Het doel van de PGS 15 is het stellen van regels voor de opslag van verpakte gevaarlijke stoffen en CMR-stoffen (carcinogene, mutagene en reprotoxische stoffen), waarmee een aanvaardbaar beschermingsniveau voor mens en milieu wordt gerealiseerd. 
 

Belangrijke uitgangspunten van de PGS 15

  • PGS 15 is een richtlijn, maar heeft wetskracht via de WABO-vergunning (Wet algemene bepalingen omgevingsrecht) voor type C-inrichtingen (vergunningplichtige inrichtingen) en via het Activiteitenbesluit voor de type A-inrichtingen (niet-meldingsplichtige inrichtingen) en B-inrichtingen (wel-meldingsplichtige inrichtingen).
  • De PGS 15 wordt gehandhaafd op grond van Wabo en/of Arbowetgeving (Arbeidsinspectie); bij verschillende voorschriften staat vermeld welke van beide instanties handhaaft.
  • De PGS 15 gaat voor de indeling van gevaarlijke stoffen uit van de vervoerswetgeving voor gevaarlijke stoffen: het ADR (Accord européen relatif au transport international de marchandises Dangereuses par Route) aangevuld met CMR-stoffen (carcinogene, mutagene en reprotoxische stoffen). De CRM-stoffen kunnen in allerlei ADR-klassen voorkomen of zelfs helemaal niet ADR-geclassificeerd zijn.

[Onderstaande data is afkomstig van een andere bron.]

(* Fix a horizon $T\in\mathbb{N}$, matrices $A_0,\dots,A_{T}\in\mathbb{R}^{n\times n}$, a symmetric positive definite noise covariance $\mathcal{W}\in\mathbb{R}^{n\times n}$, a symmetric positive definite initial covariance $\Sigma_0$, and for each $t=0,\dots,T$ sets $\mathsf{C}_t$ of real matrices with $n$ columns and $\mathsf{V}_t$ of symmetric positive definite matrices of compatible size. Let $\mathsf{R}_t=\{C_t^{\mathsf T}\mathcal{V}_t^{-1}C_t : C_t\in\mathsf{C}_t,\ \mathcal{V}_t\in\mathsf{V}_t\}$ and $h_t(M)=A_{t-1}MA_{t-1}^{\mathsf T}+\mathcal{W}$. Problem (D) (sensor design): minimize $\sum_{t=0}^T\mathrm{tr}(P_t)$ over $\{P_t,Q_t,Q_{t|t-1},R_t,C_t,\mathcal{V}_t\}_{t=0}^T$ subject to, for all $t$: $P_t=Q_t^{-1}$, $Q_t=Q_{t|t-1}+R_t$, $Q_{t|t-1}=(h_t(P_{t-1}))^{-1}$ for $t\ge1$, $Q_{0|-1}=\Sigma_0^{-1}$, $R_t=C_t^{\mathsf T}\mathcal{V}_t^{-1}C_t$, $C_t\in\mathsf{C}_t$, $\mathcal{V}_t\in\mathsf{V}_t$. Problem (R) (relaxation): minimize $\sum_{t=0}^T\mathrm{tr}(P_t)$ over $\{P_t,Q_t,Q_{t|t-1},R_t\}_{t=0}^T$ subject to, for all $t$: $Q_t=Q_{t|t-1}+R_t$, $\begin{bmatrix}P_t & I\\ I & Q_t\end{bmatrix}\succeq0$, for $t\ge1$: $\begin{bmatrix}\mathcal{W}^{-1}-Q_{t|t-1} & \mathcal{W}^{-1}A_{t-1}\\ A_{t-1}^{\mathsf T}\mathcal{W}^{-1} & Q_{t-1}+A_{t-1}^{\mathsf T}\mathcal{W}^{-1}A_{t-1}\end{bmatrix}\succeq0$, $R_t\in\mathsf{R}_t$, and $Q_{0|-1}=\Sigma_0^{-1}$. Then an optimal solution of Problem (R) is also an optimal solution of Problem (D), and vice versa.
   Context: Problem (D) is the sensor design problem for the linear system $X_{t+1}=A_tX_t+W_t$, $W_t\sim\mathcal N(0,\mathcal W)$ i.i.d., $X_0\sim\mathcal N(\mu_0,\Sigma_0)$, with a designed sensor $Y_t=C_tX_t+V_t$, $V_t\sim\mathcal N(0,\mathcal V_t)$; $P_t$ is the Kalman filter error covariance and $Q_t=P_t^{-1}$, $Q_{t|t-1}$ are information matrices. Problem (R) replaces $P_t=Q_t^{-1}$ by $P_t\succeq Q_t^{-1}$ and $Q_{t|t-1}=(h_t(P_{t-1}))^{-1}$ by $Q_{t|t-1}\preceq(h_t(Q_{t-1}^{-1}))^{-1}$, written as linear matrix inequalities via Schur complements. *)

theory Defs
  imports "Jordan_Normal_Form.Matrix"
begin

definition mtrace :: "real mat \<Rightarrow> real" where
  "mtrace M = (\<Sum>i<dim_row M. M $$ (i, i))"

(* inverse of a square matrix (meaningful when the matrix is invertible) *)
definition minv :: "real mat \<Rightarrow> real mat" where
  "minv M = (THE B. B \<in> carrier_mat (dim_row M) (dim_row M) \<and> M * B = 1\<^sub>m (dim_row M) \<and> B * M = 1\<^sub>m (dim_row M))"

definition psd :: "real mat \<Rightarrow> bool" where
  "psd M \<longleftrightarrow> M \<in> carrier_mat (dim_row M) (dim_row M) \<and> M\<^sup>T = M \<and>
     (\<forall>x \<in> carrier_vec (dim_row M). 0 \<le> x \<bullet> (M *\<^sub>v x))"

definition pd :: "real mat \<Rightarrow> bool" where
  "pd M \<longleftrightarrow> M \<in> carrier_mat (dim_row M) (dim_row M) \<and> M\<^sup>T = M \<and>
     (\<forall>x \<in> carrier_vec (dim_row M). x \<noteq> 0\<^sub>v (dim_row M) \<longrightarrow> 0 < x \<bullet> (M *\<^sub>v x))"

definition is_inv :: "nat \<Rightarrow> real mat \<Rightarrow> real mat \<Rightarrow> bool" where
  "is_inv n M N \<longleftrightarrow> M \<in> carrier_mat n n \<and> N \<in> carrier_mat n n \<and>
     M * N = 1\<^sub>m n \<and> N * M = 1\<^sub>m n"

definition hmap :: "(nat \<Rightarrow> real mat) \<Rightarrow> real mat \<Rightarrow> nat \<Rightarrow> real mat \<Rightarrow> real mat" where
  "hmap A W t M = A (t - 1) * M * (A (t - 1))\<^sup>T + W"

definition Rset :: "(nat \<Rightarrow> real mat set) \<Rightarrow> (nat \<Rightarrow> real mat set) \<Rightarrow> nat \<Rightarrow> real mat set" where
  "Rset Cs Vs t = {C\<^sup>T * minv V * C | C V. C \<in> Cs t \<and> V \<in> Vs t}"

definition cost :: "nat \<Rightarrow> (nat \<Rightarrow> real mat) \<Rightarrow> real" where
  "cost T P = (\<Sum>t\<le>T. mtrace (P t))"

definition feasD ::
  "nat \<Rightarrow> nat \<Rightarrow> (nat \<Rightarrow> real mat) \<Rightarrow> real mat \<Rightarrow> real mat \<Rightarrow>
   (nat \<Rightarrow> real mat set) \<Rightarrow> (nat \<Rightarrow> real mat set) \<Rightarrow>
   (nat \<Rightarrow> real mat) \<Rightarrow> (nat \<Rightarrow> real mat) \<Rightarrow> (nat \<Rightarrow> real mat) \<Rightarrow> (nat \<Rightarrow> real mat) \<Rightarrow>
   (nat \<Rightarrow> real mat) \<Rightarrow> (nat \<Rightarrow> real mat) \<Rightarrow> bool" where
  "feasD n T A W \<Sigma>0 Cs Vs P Q Qp R C V \<longleftrightarrow>
     (\<forall>t\<le>T. P t \<in> carrier_mat n n \<and> Q t \<in> carrier_mat n n \<and> Qp t \<in> carrier_mat n n
         \<and> R t \<in> carrier_mat n n
         \<and> is_inv n (P t) (Q t)
         \<and> Q t = Qp t + R t
         \<and> (1 \<le> t \<longrightarrow> is_inv n (Qp t) (hmap A W t (P (t - 1))))
         \<and> R t = (C t)\<^sup>T * minv (V t) * C t
         \<and> C t \<in> Cs t \<and> V t \<in> Vs t)
     \<and> is_inv n (Qp 0) \<Sigma>0"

  • Omdat de PGS 15 geënt is op de ADR-vervoerswetgeving, sluit zij goed aan bij de transportlogistiek.
  • Enkele ADR-klassen zijn van de PGS 15 uitgezonderd: klasse 1 (ontplofbare stoffen), deel van 6.2 (infectieuze stoffen: I3: Ziekenhuisafval en I4: diagnostisch materiaal geclassificeerd als Biologisch materiaal cat. B) en 7 (radioactieve stoffen). Die stoffen vallen onder andere regelgevingen.
  • De PGS 15 gaat over de opslag van reservevoorraden, dus gaat niet over werkvoorraden.
  • De PGS 15-eisen gelden pas boven bepaalde drempelwaarden; deze variëren van 1 tot 250 kg of liter, afhankelijk van de klasse. Voor verpakkingen die onder het regime van gelimiteerde hoeveelheden (Limited Quantities, LQ, paragraaf 3.4 van het ADR) of vrijgestelde hoeveelheden (Excepted Quantities, EQ, paragraaf 3.5 van het ADR; dit betreft het vervoer van gevaarlijke stoffen in zeer kleine hoeveelheden) vallen, geldt een aanvullende vrijstelling tot in totaal het dubbele van de genoemde hoeveelheden.
  • Lege verpakkingen worden beschouwd als vol, tenzij de verpakkingen industrieel gereinigd zijn.
  • Een PGS 15-opslagvoorziening moet een brandwerendheid (WBDBO) van 60 minuten hebben; hetzij door de materiaaleigenschappen van wanden, vloer en plafond, hetzij door afstanden tot andere (brandbare) objecten, gebouwen en de terreingrens.
  • Als er meer dan 2500 kg aanwezig is, dan is een deskundige vereist met voldoende vakbekwaamheid ten aanzien van de aanwezige gevaarlijke stoffen.
  • Als er meer dan 2500 kg aanwezig is, dan moet een actueel journaal worden bijgehouden. Dit moet representatief zijn, d.w.z. het moet een goed beeld geven van de te verwachten gevaren, maar hoeft niet tot op de kg te kloppen.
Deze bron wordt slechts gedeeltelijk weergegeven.